L'amateur est souvent perdu devant la discographie abondante d'une même oeuvre en musique classique, surtout s'il s'agit d'un "tube" du répertoire doublé d'une dimension mystique largement véhiculée depuis sa création, notamment par le film "Amadeus" de Milos Forman. Le Requiem de Mozart pose un vrai problème à l'amateur tant les versions abondent et parfois divergent.
Deutsche Grammophon a eu la bonne idée de rééditer cet enregistrement berlino-autrichien de 1962, le premier de Karajan (d'autres suivront en 1976 et 1986).
Et pour moi, cette première fois est la bonne. Le connaisseur de Karajan, mais pas seulement lui, sera d'abord surpris par des tempos lents, d'aucuns diront apaisés, j'ajouterai volontiers recueillis. De façon évidente Karajan est entré dans l'oeuvre avec humilité et une ferveur assez romantique l'amenant à dérouler les registres avec une certaine emphase réellement bienvenue. Pas de lyrisme excessif, juste une accentuation des masses sonores quand la partition le suggère.
Très fervent admirateur de Maria Stadder, j'attendais avec intérêt la prestation de la soprano Wilma Lipp dont la voix est une réelle splendeur. Mais ses partenaires ne dépareillent pas, notamment la basse de William Perry. C'est ici sans doute un des "Tuba mirum" les plus structuré et équilibré qu'il m'a été donné d'entendre dans les nombreuses versions du requiem.
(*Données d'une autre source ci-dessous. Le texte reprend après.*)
(* Let $\alpha>0$. For each $t>0$, the function $\xi\mapsto\rho_\alpha(\|\xi\|,t)$ is a continuous positive definite function on $K$ (with the inductive limit topology), where $\rho_\alpha(s,t)=e^{-ts^\alpha}$ for $s>1$ and $\rho_\alpha(s,t)=1$ for $0\le s\le1$.
   Context: $k$ is a non-Archimedean local field of characteristic $0$; $k=K_1\subset K_2\subset\cdots$ are finite extensions, $K=\bigcup_nK_n$ with the inductive limit topology of the $K_n$; $m_n=[K_n:k]$, $|\cdot|_n$ the normalized absolute value of $K_n$, and $\|x\|=|x|_n^{1/m_n}$ for $x\in K_n$ (well defined on $K$). A function $\phi:K\to\mathbb C$ is positive definite if $\sum_{i,j}c_i\overline{c_j}\phi(\xi_i-\xi_j)\ge0$ for all finite families $\xi_i\in K$, $c_i\in\mathbb C$. *)

theory Defs
  imports "HOL-Analysis.Analysis"
begin

text \<open>Subfields of an ambient field (the ambient field plays the role of K).\<close>
definition subfield :: "'a::field set \<Rightarrow> bool" where
  "subfield F \<longleftrightarrow> 0 \<in> F \<and> 1 \<in> F \<and>
     (\<forall>x\<in>F. \<forall>y\<in>F. x + y \<in> F \<and> x * y \<in> F) \<and>
     (\<forall>x\<in>F. - x \<in> F \<and> inverse x \<in> F)"

definition nonarch_abs :: "'a::field set \<Rightarrow> ('a \<Rightarrow> real) \<Rightarrow> bool" where
  "nonarch_abs F av \<longleftrightarrow>
     (\<forall>x\<in>F. 0 \<le> av x \<and> (av x = 0 \<longleftrightarrow> x = 0)) \<and>
     (\<forall>x\<in>F. \<forall>y\<in>F. av (x * y) = av x * av y \<and> av (x + y) \<le> max (av x) (av y))"

definition abs_complete :: "'a::field set \<Rightarrow> ('a \<Rightarrow> real) \<Rightarrow> bool" where
  "abs_complete F av \<longleftrightarrow>
     (\<forall>s::nat \<Rightarrow> 'a. (\<forall>n. s n \<in> F) \<and>
        (\<forall>e>0. \<exists>N. \<forall>i\<ge>N. \<forall>j\<ge>N. av (s i - s j) < e) \<longrightarrow>
        (\<exists>l\<in>F. \<forall>e>0. \<exists>N. \<forall>n\<ge>N. av (s n - l) < e))"

text \<open>Cardinality of the residue field O/P, O = {|x| \<le> 1}, P = {|x| < 1}
  (0 if infinite).\<close>
definition residue_card :: "'a::field set \<Rightarrow> ('a \<Rightarrow> real) \<Rightarrow> nat" where
  "residue_card F av =
     card ((\<lambda>x. {y \<in> F. av y \<le> 1 \<and> av (y - x) < 1}) ` {x \<in> F. av x \<le> 1})"

text \<open>F with av is a non-Archimedean local field and av is its normalized absolute
  value: F is complete for a discrete non-Archimedean absolute value with finite
  residue field of cardinality q, and the value group is exactly q^Z
  (so a uniformizer has absolute value 1/q).\<close>
definition normalized_local_field :: "'a::field set \<Rightarrow> ('a \<Rightarrow> real) \<Rightarrow> bool" where
  "normalized_local_field F av \<longleftrightarrow>
     subfield F \<and> nonarch_abs F av \<and> abs_complete F av \<and>
     residue_card F av \<ge> 2 \<and>
     av ` (F - {0}) = range (\<lambda>n::int. real (residue_card F av) powi n)"

definition ext_degree :: "'a::field set \<Rightarrow> 'a set \<Rightarrow> nat \<Rightarrow> bool" where
  "ext_degree k F d \<longleftrightarrow> k \<subseteq> F \<and>
     (\<exists>b::nat \<Rightarrow> 'a. (\<forall>i<d. b i \<in> F) \<and>
        (\<forall>x\<in>F. \<exists>!c::nat \<Rightarrow> 'a. (\<forall>i<d. c i \<in> k) \<and> (\<forall>i\<ge>d. c i = 0) \<and>
                     x = (\<Sum>i<d. c i * b i)))"

definition knorm :: "(nat \<Rightarrow> 'a set) \<Rightarrow> (nat \<Rightarrow> 'a \<Rightarrow> real) \<Rightarrow> (nat \<Rightarrow> nat) \<Rightarrow> 'a \<Rightarrow> real" where
  "knorm K av m x = (let N = (LEAST n. x \<in> K n) in av N x powr (1 / real (m N)))"

definition ind_lim_topology :: "(nat \<Rightarrow> 'a::field set) \<Rightarrow> (nat \<Rightarrow> 'a \<Rightarrow> real) \<Rightarrow> 'a topology" where
  "ind_lim_topology K av = topology (\<lambda>U. \<forall>n. \<forall>x\<in>U \<inter> K n. \<exists>e>0.
       \<forall>y\<in>K n. av n (y - x) < e \<longrightarrow> y \<in> U)"

definition rho :: "real \<Rightarrow> real \<Rightarrow> real \<Rightarrow> real" where
  "rho \<alpha> s t = (if s > 1 then exp (- t * s powr \<alpha>) else 1)"

definition positive_definite :: "('a::ab_group_add \<Rightarrow> complex) \<Rightarrow> bool" where
  "positive_definite \<phi> \<longleftrightarrow>
     (\<forall>(n::nat) (\<xi>::nat \<Rightarrow> 'a) (c::nat \<Rightarrow> complex).
        let S = (\<Sum>i<n. \<Sum>j<n. c i * cnj (c j) * \<phi> (\<xi> i - \<xi> j)) in
        Im S = 0 \<and> Re S \<ge> 0)"

end

theory Submission
  imports Defs
begin

text \<open>
  If L/k is an extension of degree d of local fields whose normalized absolute values have the
  same open unit ball on k, then both are powers of one another on k, and the exponent is d.
  Indeed, count the classes of the integers of L modulo p, a uniformizer of k: a basis of their
  reduction over the residue field of k (which spans by completeness of k) gives q_k^d classes,
  and digit expansions in a uniformizer of L give q_L^e classes, where |p|_L = q_L^(-e).
  Applied along the tower, once the unit balls of K_n and K_n' are shown to agree on K_n, this
  makes the norm on K well defined and ultrametric. A decreasing function of an ultrametric norm
  is positive definite, being a positive combination of indicators of equivalence relations, and
  it is locally constant, hence continuous for the inductive limit topology.
\<close>

section \<open>Linear algebra over a subfield\<close>

definition lin_indep :: "'a::field set \<Rightarrow> 'b set \<Rightarrow> ('b \<Rightarrow> 'a) \<Rightarrow> bool" where
  "lin_indep k J u \<longleftrightarrow> (\<forall>g. (\<forall>j\<in>J. g j \<in> k) \<and> (\<Sum>j\<in>J. g j * u j) = 0 \<longrightarrow> (\<forall>j\<in>J. g j = 0))"

definition in_span :: "'a::field set \<Rightarrow> 'b set \<Rightarrow> ('b \<Rightarrow> 'a) \<Rightarrow> 'a \<Rightarrow> bool" where
  "in_span k I w z \<longleftrightarrow> (\<exists>a. (\<forall>i\<in>I. a i \<in> k) \<and> z = (\<Sum>i\<in>I. a i * w i))"

locale subfield_set =
  fixes F :: "'a::field set"
  assumes subfield: "subfield F"
begin

lemma zero_closed [simp, intro]: "0 \<in> F"
  and one_closed [simp, intro]: "1 \<in> F"
  and add_closed [intro]: "x \<in> F \<Longrightarrow> y \<in> F \<Longrightarrow> x + y \<in> F"
  and mult_closed [intro]: "x \<in> F \<Longrightarrow> y \<in> F \<Longrightarrow> x * y \<in> F"
  and uminus_closed [intro]: "x \<in> F \<Longrightarrow> - x \<in> F"
  and inverse_closed [intro]: "x \<in> F \<Longrightarrow> inverse x \<in> F"
  using subfield unfolding subfield_def by auto

lemma diff_closed [intro]: "x \<in> F \<Longrightarrow> y \<in> F \<Longrightarrow> x - y \<in> F"
  using add_closed[of x "- y"] by auto

lemma divide_closed [intro]: "x \<in> F \<Longrightarrow> y \<in> F \<Longrightarrow> x / y \<in> F"
  by (auto simp: divide_inverse)

lemma power_closed [intro]: "x \<in> F \<Longrightarrow> x ^ n \<in> F"
  by (induction n) auto

lemma power_int_closed [intro]: "x \<in> F \<Longrightarrow> x powi n \<in> F"
  by (auto simp: power_int_def)

lemma sum_closed [intro]: "(\<And>i. i \<in> I \<Longrightarrow> f i \<in> F) \<Longrightarrow> sum f I \<in> F"
  by (induction I rule: infinite_finite_induct) auto

lemma lin_indep_eliminate:
  assumes "finite J" "lin_indep F J u" "j0 \<in> J" "\<And>j. j \<in> J \<Longrightarrow> t j \<in> F"
  shows "lin_indep F (J - {j0}) (\<lambda>j. u j - t j * u j0)"
  unfolding lin_indep_def
proof (intro allI impI)
  fix g
  assume g: "(\<forall>j\<in>J - {j0}. g j \<in> F) \<and> (\<Sum>j\<in>J - {j0}. g j * (u j - t j * u j0)) = 0"
  define g' where "g' j = (if j = j0 then - (\<Sum>j\<in>J - {j0}. g j * t j) else g j)" for j
  have "(\<Sum>j\<in>J. g' j * u j) = g' j0 * u j0 + (\<Sum>j\<in>J - {j0}. g j * u j)"
    using assms(1,3) by (simp add: sum.remove g'_def)
  also have "(\<Sum>j\<in>J - {j0}. g j * u j) = (\<Sum>j\<in>J - {j0}. g j * t j) * u j0"
    using g by (simp add: right_diff_distrib sum_subtractf sum_distrib_right mult.assoc)
  finally have "(\<Sum>j\<in>J. g' j * u j) = 0"
    by (simp add: g'_def)
  moreover have "\<forall>j\<in>J. g' j \<in> F"
    using g assms(4) by (auto simp: g'_def intro!: uminus_closed sum_closed mult_closed)
  ultimately have "\<forall>j\<in>J. g' j = 0"
    using assms(2) unfolding lin_indep_def by blast
  then show "\<forall>j\<in>J - {j0}. g j = 0"
    by (auto simp: g'_def split: if_splits)
qed

lemma in_span_eliminate:
  assumes "\<beta> \<noteq> 0" "\<alpha> \<in> F" "\<beta> \<in> F" "\<forall>i\<in>I. a i \<in> F" "\<forall>i\<in>I. b i \<in> F"
  shows "in_span F I w ((\<alpha> * v + (\<Sum>i\<in>I. a i * w i)) - \<alpha> / \<beta> * (\<beta> * v + (\<Sum>i\<in>I. b i * w i)))"
proof -
  have "(\<alpha> * v + (\<Sum>i\<in>I. a i * w i)) - \<alpha> / \<beta> * (\<beta> * v + (\<Sum>i\<in>I. b i * w i))
      = (\<Sum>i\<in>I. (a i - \<alpha> / \<beta> * b i) * w i)"
    using assms(1) by (simp add: algebra_simps sum_subtractf sum_distrib_left)
  moreover have "\<forall>i\<in>I. a i - \<alpha> / \<beta> * b i \<in> F"
    using assms by (simp add: diff_closed mult_closed divide_closed)
  ultimately show ?thesis
    unfolding in_span_def by (intro exI[of _ "\<lambda>i. a i - \<alpha> / \<beta> * b i"]) simp
qed

lemma card_le_if_lin_indep_in_span:
  assumes "finite I"
  shows "finite J \<Longrightarrow> lin_indep F J u \<Longrightarrow> \<forall>j\<in>J. in_span F I w (u j) \<Longrightarrow> card J \<le> card I"
  using assms
proof (induction I arbitrary: J u rule: finite_induct)
  case empty
  then have "u j = 0" if "j \<in> J" for j
    using that by (auto simp: in_span_def)
  then have "\<forall>j\<in>J. (1::'a) = 0"
    using empty.prems(2) unfolding lin_indep_def by (auto dest: spec[where x = "\<lambda>_. 1"])
  then show ?case
    by (cases "J = {}") auto
next
  case (insert i0 I)
  obtain A where A: "\<And>j. j \<in> J \<Longrightarrow> (\<forall>i\<in>insert i0 I. A j i \<in> F)"
    "\<And>j. j \<in> J \<Longrightarrow> u j = A j i0 * w i0 + (\<Sum>i\<in>I. A j i * w i)"
    using insert.prems(3) insert.hyps unfolding in_span_def by (simp add: Ball_def) metis
  show ?case
  proof (cases "\<forall>j\<in>J. A j i0 = 0")
    case True
    then have "\<forall>j\<in>J. in_span F I w (u j)"
      using A unfolding in_span_def by auto
    then show ?thesis
      using insert by (simp add: le_Suc_eq)
  next
    case False
    then obtain j0 where j0: "j0 \<in> J" "A j0 i0 \<noteq> 0"
      by blast
    define t where "t j = A j i0 / A j0 i0" for j
    have t: "t j \<in> F" if "j \<in> J" for j
      using A(1) that j0 by (auto simp: t_def)
    have "in_span F I w (u j - t j * u j0)" if "j \<in> J - {j0}" for j
      using in_span_eliminate[OF j0(2), of "A j i0" I "\<lambda>i. A j i" "\<lambda>i. A j0 i" w "w i0"]
        A[of j] A[OF j0(1)] that by (simp add: t_def)
    then have "card (J - {j0}) \<le> card I"
      using insert.IH[of "J - {j0}" "\<lambda>j. u j - t j * u j0"] insert.prems(1)
        lin_indep_eliminate[OF insert.prems(1,2) j0(1) t] by simp
    moreover have "card J = Suc (card (J - {j0}))"
      using card_Suc_Diff1[OF insert.prems(1) j0(1)] by simp
    ultimately show ?thesis
      using insert.hyps by simp
  qed
qed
Le Wiener Singverein est à la hauteur de sa réputation, même si, sans doute est-ce du à la prise de son, il paraît moins chaleureux et puissant qu'à son accoutumée. Ou bien l'intention de Karajan était bel et bien de donner une certaine profondeur sombre à ce registre.
Pour finir, le Berliner sous la baguette de Karajan est une machine divinement efficace, même si on la sent parfois un peu moins à l'aise dans ce registre plus intimiste que dans d'autres pièces orchestrales où sa puissance peut s'exprimer sans retenue.
Au final, ma préférence va sans conteste à cette version par rapport aux versions ultérieures de Karajan. Elle tient la comparaison avec la version de Bôhm (plus académique) ou celle de N. Marriner, (plus chorale).
Bref un très beau requiem "philarmonique" où les dimensions religieuses et philosophiques de l'oeuvre sont très lisibles.